**Work request:**
Write out the entries below exactly, from the first line to the one with "length (formula_table M", both ends included.

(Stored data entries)
lemma apply_conn_table_formula_table:
  assumes M: "wf_logic ar M" and c: "c < length ar" and "length ts = ar ! c"
    and "list_all (wf_form ar) ts"
  shows "apply_conn_table M k c (map (formula_table M k) ts) = formula_table M k (App c ts)"
proof (rule nth_equalityI)
  show "length (apply_conn_table M k c (map (formula_table M k) ts)) =
      length (formula_table M k (App c ts))"
    by (simp add: apply_conn_table_def formula_table_def length_assignments)
next
  fix p assume "p < length (apply_conn_table M k c (map (formula_table M k) ts))"
  then have p: "p < length (assignments (num_values M) k)"
    by (simp add: apply_conn_table_def length_assignments)
  let ?v = "nth_default 0 (assignments (num_values M) k ! p)"
  have "\<forall>a\<in>set (map (feval M ?v) ts). a < num_values M"
    using feval_less[OF M] nth_default_assignment_less[OF nth_mem[OF p] wf_logicD(1)[OF M]] assms(4)
    by (auto simp: list_all_iff)
  then have "tindex (num_values M) (map (feval M ?v) ts) < length (conn_tables M ! c)"
    using tindex_less wf_logicD(3)[OF M c] assms(3) by fastforce
  then show "apply_conn_table M k c (map (formula_table M k) ts) ! p = formula_table M k (App c ts) ! p"
    using p wf_logicD(2)[OF M] c
    by (simp add: apply_conn_table_def formula_table_def length_assignments nth_default_nth o_def)
qed

lemma formula_table_mem_n_lists:
  assumes "wf_logic ar M" and "wf_form ar \<phi>"
  shows "formula_table M k \<phi> \<in> set (List.n_lists (num_values M ^ k) [0..<num_values M])"
  using feval_less[OF assms] nth_default_assignment_less[OF _ wf_logicD(1)[OF assms(1)]]
  by (auto simp: set_n_lists formula_table_def length_assignments)

section \<open>Saturation of the closure under the connectives\<close>

lemma funpow_saturates:
  assumes inflationary: "\<And>xs. set xs \<subseteq> set (f xs)"
    and set_determined: "\<And>xs ys. set xs = set ys \<Longrightarrow> set (f xs) = set (f ys)"
    and bounded: "\<And>m. set ((f ^^ m) xs0) \<subseteq> U" and "finite U" and "card U < N"
  shows "set ((f ^^ m) xs0) \<subseteq> set ((f ^^ N) xs0)"
proof -
  let ?X = "\<lambda>m. set ((f ^^ m) xs0)"
  have mono: "?X m \<subseteq> ?X m'" if "m \<le> m'" for m m'
    using lift_Suc_mono_le[of ?X, OF _ that] inflationary by simp
  have "\<exists>t<N. ?X (Suc t) = ?X t"
  proof (rule ccontr)
    assume "\<not> (\<exists>t<N. ?X (Suc t) = ?X t)"
    then have grows: "?X t \<subset> ?X (Suc t)" if "t < N" for t
      using inflationary[of "(f ^^ t) xs0"] that by auto
    have "t \<le> card (?X t)" if "t \<le> N" for t
      using that
    proof (induction t)
      case (Suc t)
      then show ?case using psubset_card_mono[OF finite_set grows[of t]] by simp
    qed simp
    then have "N \<le> card (?X N)" by simp
    also have "\<dots> \<le> card U" by (rule card_mono[OF \<open>finite U\<close> bounded])
    finally show False using \<open>card U < N\<close> by simp
  qed
  then obtain t where "t < N" and stable: "?X (Suc t) = ?X t" by blast
  have saturated: "?X m = ?X t" if "t \<le> m" for m
    using that
  proof (induction m)
    case (Suc m)
    show ?case
    proof (cases "t = Suc m")
      case False
      with Suc have "?X m = ?X t" by simp
      then have "?X (Suc m) = ?X (Suc t)"
        using set_determined[of "(f ^^ m) xs0" "(f ^^ t) xs0"] by simp
      with stable show ?thesis by simp
    qed simp
  qed simp
  show ?thesis
  proof (cases "m \<le> N")
    case True
    then show ?thesis by (rule mono)
  next
    case False
    then show ?thesis using saturated[of m] saturated[of N] \<open>t < N\<close> by simp
  qed
qed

**Answer to the exercise:**
lemma apply_conn_table_formula_table:
  assumes M: "wf_logic ar M" and c: "c < length ar" and "length ts = ar ! c"
    and "list_all (wf_form ar) ts"
  shows "apply_conn_table M k c (map (formula_table M k) ts) = formula_table M k (App c ts)"
proof (rule nth_equalityI)
  show "length (apply_conn_table M k c (map (formula_table M k) ts)) =
      length (formula_table M k (App c ts))"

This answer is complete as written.